Records contained in a dataset
text \<open>The Leibniz formula shows that determinants of matrices over a subring stay in it.\<close>

lemma det_Mat_over:
  assumes S: "is_subring S" and M: "M \<in> Mat_over n S"
  shows "det M \<in> S"
proof -
  have Mc: "M \<in> carrier_mat n n" and el: "\<And>i j. i < n \<Longrightarrow> j < n \<Longrightarrow> M $$ (i,j) \<in> S"
    using M unfolding Mat_over_iff by auto
  have sign: "signof p \<in> S" for p
    using S subring_uminus[OF S, of 1] unfolding sign_def is_subring_def by auto
  show ?thesis unfolding det_def'[OF Mc]
    by (intro subring_sum[OF S] subring_mult[OF S] sign subring_prod[OF S] el)
      (auto intro: permutes_in_image)
qed

lemma adj_Mat_over:
  assumes S: "is_subring S" and M: "M \<in> Mat_over n S"
  shows "adj_mat M \<in> Mat_over n S"
proof -
  have Mc: "M \<in> carrier_mat n n" using M unfolding Mat_over_iff by auto
  have minor: "mat_delete M j i \<in> Mat_over (n - 1) S" if "i < n" "j < n" for i j
    using M mat_delete_carrier[OF Mc] unfolding Mat_over_iff
    by (auto simp: mat_delete_def)
  have "cofactor M j i \<in> S" if "i < n" "j < n" for i j
    unfolding cofactor_def using subring_uminus[OF S, of 1] S
    by (intro subring_mult[OF S] subring_power[OF S] det_Mat_over[OF S minor[OF that]])
      (auto simp: is_subring_def)
  then show ?thesis using adj_mat(1)[OF Mc] Mc unfolding Mat_over_iff by (auto simp: adj_mat_def)
qed

lemma Mat_over_mono: "S \<subseteq> T \<Longrightarrow> Mat_over n S \<subseteq> Mat_over n T"
  unfolding Mat_over_def by blast

lemma GL_over_mono: "S \<subseteq> T \<Longrightarrow> GL_over n S \<subseteq> GL_over n T"
  unfolding GL_over_def Mat_over_def by blast

lemma GL_over_carrier: "M \<in> GL_over n S \<Longrightarrow> M \<in> carrier_mat n n"
  unfolding GL_over_def Mat_over_def by auto

lemma GL_over_mult:
  assumes S: "is_subring S" and M: "M \<in> GL_over n S" and N: "N \<in> GL_over n S"
  shows "M * N \<in> GL_over n S"
proof -
  obtain M' where M': "M' \<in> Mat_over n S" "M * M' = 1\<^sub>m n" "M' * M = 1\<^sub>m n"
    using M unfolding GL_over_def by auto
  obtain N' where N': "N' \<in> Mat_over n S" "N * N' = 1\<^sub>m n" "N' * N = 1\<^sub>m n"
    using N unfolding GL_over_def by auto
  have c: "M \<in> carrier_mat n n" "N \<in> carrier_mat n n" "M' \<in> carrier_mat n n" "N' \<in> carrier_mat n n"
    using M N M' N' unfolding GL_over_def Mat_over_def by auto
  have "M * N * (N' * M') = M * (N * N') * M'"
    using c by (simp add: assoc_mult_mat[of _ n n _ n _ n])
  then have right: "M * N * (N' * M') = 1\<^sub>m n" using c N' M' by simp
  have "N' * M' * (M * N) = N' * (M' * M) * N"
    using c by (simp add: assoc_mult_mat[of _ n n _ n _ n])
  then have left: "N' * M' * (M * N) = 1\<^sub>m n" using c N' M' by simp
  show ?thesis
    using right left Mat_over_mult[OF S] M N M'(1) N'(1) unfolding GL_over_def by blast
qed

lemma det_GL_over_nonzero: "M \<in> GL_over n S \<Longrightarrow> det M \<noteq> 0"
proof -
  assume "M \<in> GL_over n S"
  then obtain N where "M \<in> carrier_mat n n" "N \<in> carrier_mat n n" "M * N = 1\<^sub>m n"
    unfolding GL_over_def Mat_over_def by auto
  then have "det M * det N = 1" using det_mult[of M n N] by simp
  then show "det M \<noteq> 0" by auto
qed

text \<open>Over a subfield, the adjugate formula inverts any matrix of nonzero determinant.\<close>

lemma GL_over_if_det_nonzero:
  assumes S: "is_subfield S" and M: "M \<in> Mat_over n S" and d: "det M \<noteq> 0"
  shows "M \<in> GL_over n S"
proof -
  have S': "is_subring S" using S unfolding is_subfield_def by auto
  have Mc: "M \<in> carrier_mat n n" using M unfolding Mat_over_iff by auto
  let ?N = "inverse (det M) \<cdot>\<^sub>m adj_mat M"
  have "inverse (det M) \<in> S" using S det_Mat_over[OF S' M] d unfolding is_subfield_def by auto
  then have "?N \<in> Mat_over n S"
    using adj_Mat_over[OF S' M] unfolding Mat_over_iff by (auto intro!: subring_mult[OF S'])
  moreover have "M * ?N = 1\<^sub>m n" using adj_mat[OF Mc] d Mc
    by (simp add: mult_smult_distrib[of _ n n _ n]) (rule eq_matI, auto)
  moreover have "?N * M = 1\<^sub>m n" using adj_mat[OF Mc] d Mc
    by (simp add: mult_smult_assoc_mat[of _ n n _ n]) (rule eq_matI, auto)
  ultimately show ?thesis using M unfolding GL_over_def by blast
qed

section \<open>Ultrametric absolute values\<close>

text \<open>|-x| = |x|, since |-1|^2 = |1| = 1.\<close>

lemma ultrametric_uminus:
  assumes U: "ultrametric_abs_on A av" and S: "is_subring A" and x: "x \<in> A"
  shows "av (- x) = av x"
proof -
  have one: "1 \<in> A" and m1: "-1 \<in> A"
    using S subring_uminus[OF S, of 1] unfolding is_subring_def by auto
  have mul: "\<And>x y. x \<in> A \<Longrightarrow> y \<in> A \<Longrightarrow> av (x * y) = av x * av y"
    using U unfolding ultrametric_abs_on_def by blast
  have "av 1 \<noteq> 0" using U one unfolding ultrametric_abs_on_def by auto
  then have av1: "av 1 = 1" using mul[OF one one] by simp
  have "av (-1) * av (-1) = 1" using mul[OF m1 m1] av1 by simp
  moreover have "av (-1) \<ge> 0" using U m1 unfolding ultrametric_abs_on_def by auto
  ultimately have "av (-1) = 1"
    by (metis power2_eq_iff_nonneg power2_eq_square zero_le_one one_power2)
  then show ?thesis using mul[OF m1 x] by simp
qed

__Required work__: Respond with one number only: how many lines of the data contain "noteq".

__Reply__: 4